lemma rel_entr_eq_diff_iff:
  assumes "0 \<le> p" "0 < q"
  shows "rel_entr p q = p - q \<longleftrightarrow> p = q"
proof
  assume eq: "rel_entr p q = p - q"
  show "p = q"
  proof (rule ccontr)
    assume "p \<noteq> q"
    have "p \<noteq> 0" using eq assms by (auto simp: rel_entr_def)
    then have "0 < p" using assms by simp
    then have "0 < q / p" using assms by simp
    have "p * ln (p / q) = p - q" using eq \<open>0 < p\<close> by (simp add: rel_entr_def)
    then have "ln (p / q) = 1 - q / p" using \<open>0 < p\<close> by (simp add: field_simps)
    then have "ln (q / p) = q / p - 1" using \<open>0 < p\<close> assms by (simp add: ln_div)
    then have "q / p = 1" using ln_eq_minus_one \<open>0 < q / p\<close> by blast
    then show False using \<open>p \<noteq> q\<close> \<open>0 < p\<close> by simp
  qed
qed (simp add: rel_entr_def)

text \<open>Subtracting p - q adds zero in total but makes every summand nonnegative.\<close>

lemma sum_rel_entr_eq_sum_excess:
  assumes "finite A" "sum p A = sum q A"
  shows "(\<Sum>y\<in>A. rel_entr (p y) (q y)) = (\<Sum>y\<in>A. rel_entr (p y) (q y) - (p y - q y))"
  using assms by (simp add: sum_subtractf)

= = = =

The answer must be the lines from the one containing "p A = sum q" through the last line of the records, copied exactly, with nothing else.

REPLY:
  assumes "finite A" "sum p A = sum q A"
  shows "(\<Sum>y\<in>A. rel_entr (p y) (q y)) = (\<Sum>y\<in>A. rel_entr (p y) (q y) - (p y - q y))"
  using assms by (simp add: sum_subtractf)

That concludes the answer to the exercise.